The second market structure is a monopolistic competition. The conditions of this market are similar as for perfect competition except the product is not homogenous it is differentiated; thus having control over its price. (Nellis and Parker, 1997). There are many firms and freedom of entry into the industry, firms are price makers and are faced with a downward sloping demand curve as well as profit maximizers. Examples include; restaurant businesses, hotels and pubs, specialist retailing (builders) and consumer services (Sloman, 2013).
Consumer can benefit in cheaper goods, when presented with two products that offer similar benefits, customers vote with their purchases and decide which product will survive. Customers also determine the ultimate price point for a product, which requires producers to set product prices high enough to make a profit, but not so high that customers will hesitate to make a purchase.
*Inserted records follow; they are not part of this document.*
theorem proposition1:
  fixes c :: "'i::finite \<Rightarrow> real^'n::finite"
    and A :: "'i \<Rightarrow> real^'n^'s::finite"
    and D :: "'i \<Rightarrow> real^'n^'m::finite"
    and d :: "'i \<Rightarrow> real^'m"
    and Zc :: "'i \<Rightarrow> 'n set"
    and b r :: "real^'s"
    and Nb :: "'i \<Rightarrow> 'i set"
    and \<alpha> :: "nat \<Rightarrow> real"
    and y0 :: "'i \<Rightarrow> real^'s"
  assumes X_nonempty: "\<And>i. mip_set (Zc i) (D i) (d i) \<noteq> {}"
    and X_compact: "\<And>i. compact (mip_set (Zc i) (D i) (d i))"
    and r_nonneg: "r \<ge> 0"
    and assmA: "\<exists>!z. LPr_optimal c A (\<lambda>i. mip_set (Zc i) (D i) (d i)) b r z"
    and assmB: "\<And>t. \<alpha> t \<ge> 0" "\<not> summable \<alpha>" "summable (\<lambda>t. (\<alpha> t)\<^sup>2)"
    and graph: "connected_undirected Nb"
    and init: "(\<Sum>i\<in>UNIV. y0 i) = b - r"
  shows "\<exists>M>0. \<forall>(y :: 'i \<Rightarrow> nat \<Rightarrow> real^'s) (z :: 'i \<Rightarrow> nat \<Rightarrow> real^'n)
            (v :: 'i \<Rightarrow> nat \<Rightarrow> real) (\<mu> :: 'i \<Rightarrow> nat \<Rightarrow> real^'s).
      (\<forall>i. y i 0 = y0 i) \<and>
      (\<forall>i t. P1_primal_dual_opt (c i) (A i) (mip_set (Zc i) (D i) (d i)) M (y i t)
               (z i t) (v i t) (\<mu> i t)) \<and>
      (\<forall>i t. y i (Suc t) = y i t + \<alpha> t *\<^sub>R (\<Sum>j\<in>Nb i. \<mu> i t - \<mu> j t))
      \<longrightarrow>
      (\<forall>t. (\<Sum>i\<in>UNIV. y i t) = b - r) \<and>
      (\<exists>ystar. MP_optimal c A (\<lambda>i. mip_set (Zc i) (D i) (d i)) b r ystar \<and>
         (\<forall>i. (\<lambda>t. norm (y i t - ystar i)) \<longlonglongrightarrow> 0)) \<and>
      (\<forall>zinf \<sigma>. strict_mono \<sigma> \<and> (\<forall>i. (\<lambda>t. z i (\<sigma> t)) \<longlonglongrightarrow> zinf i) \<longrightarrow>
         LPr_optimal c A (\<lambda>i. mip_set (Zc i) (D i) (d i)) b r zinf \<and>
         LPr_cost c zinf = LPr_value c A (\<lambda>i. mip_set (Zc i) (D i) (d i)) b r)"
proof -
  let ?X = "\<lambda>i. mip_set (Zc i) (D i) (d i)"
  obtain zo where zo: "LPr_optimal c A ?X b r zo"
    using assmA by blast
  obtain \<Lambda> where "0 \<le> \<Lambda>" and penalty: "\<And>z V. (\<forall>i. z i \<in> convex hull ?X i) \<Longrightarrow> 0 \<le> V
      \<Longrightarrow> (\<Sum>i\<in>UNIV. A i *v z i) \<le> b - r + vec V \<Longrightarrow> LPr_cost c zo - \<Lambda> * V \<le> LPr_cost c z"
    using LPr_exact_penalty[OF polytope_convex_hull_mip_set[OF X_compact] zo] by blast
  have alg: "allocation_algorithm c A ?X b r Nb \<alpha> (\<Lambda> + 1) zo y z v \<mu>"
    if "(\<forall>i. y i 0 = y0 i) \<and>
      (\<forall>i t. P1_primal_dual_opt (c i) (A i) (?X i) (\<Lambda> + 1) (y i t) (z i t) (v i t) (\<mu> i t)) \<and>
      (\<forall>i t. y i (Suc t) = y i t + \<alpha> t *\<^sub>R (\<Sum>j\<in>Nb i. \<mu> i t - \<mu> j t))" for y z v \<mu>
    using that init X_compact assmB graph zo \<open>0 \<le> \<Lambda>\<close> penalty
    by unfold_locales (simp_all add: compact_convex_hull)
  show ?thesis
  proof (rule exI[of _ "\<Lambda> + 1"], rule conjI)
    show "0 < \<Lambda> + 1"
      using \<open>0 \<le> \<Lambda>\<close> by simp
  qed (intro allI impI, rule allocation_algorithm.convergence[OF alg], assumption)
qed

end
For example, when McDonald’s was exploring to add Fish-O-Fillet to the menu, the creator of this menu item wanted to use halibut for fish but to use halibut would mean that Fish-O-Fillet could not be sold for less than 25 cents (Clark, 2007). McDonald’s ended up substituting the fish with cheaper type of fish than halibut and over time, to fit the cost of fish under the price point, McDonald’s would change the type of fish to be the most cost effective.
An oligopolistic market has a small number of sellers dominating market share and therefore barriers to entry are high. These sellers are highly competitive and do not act independently of each other. Access to information is limited so sellers can only speculate of their competitor’s actions. Sellers will take advantage of competitor’s price changes in order to increase market share.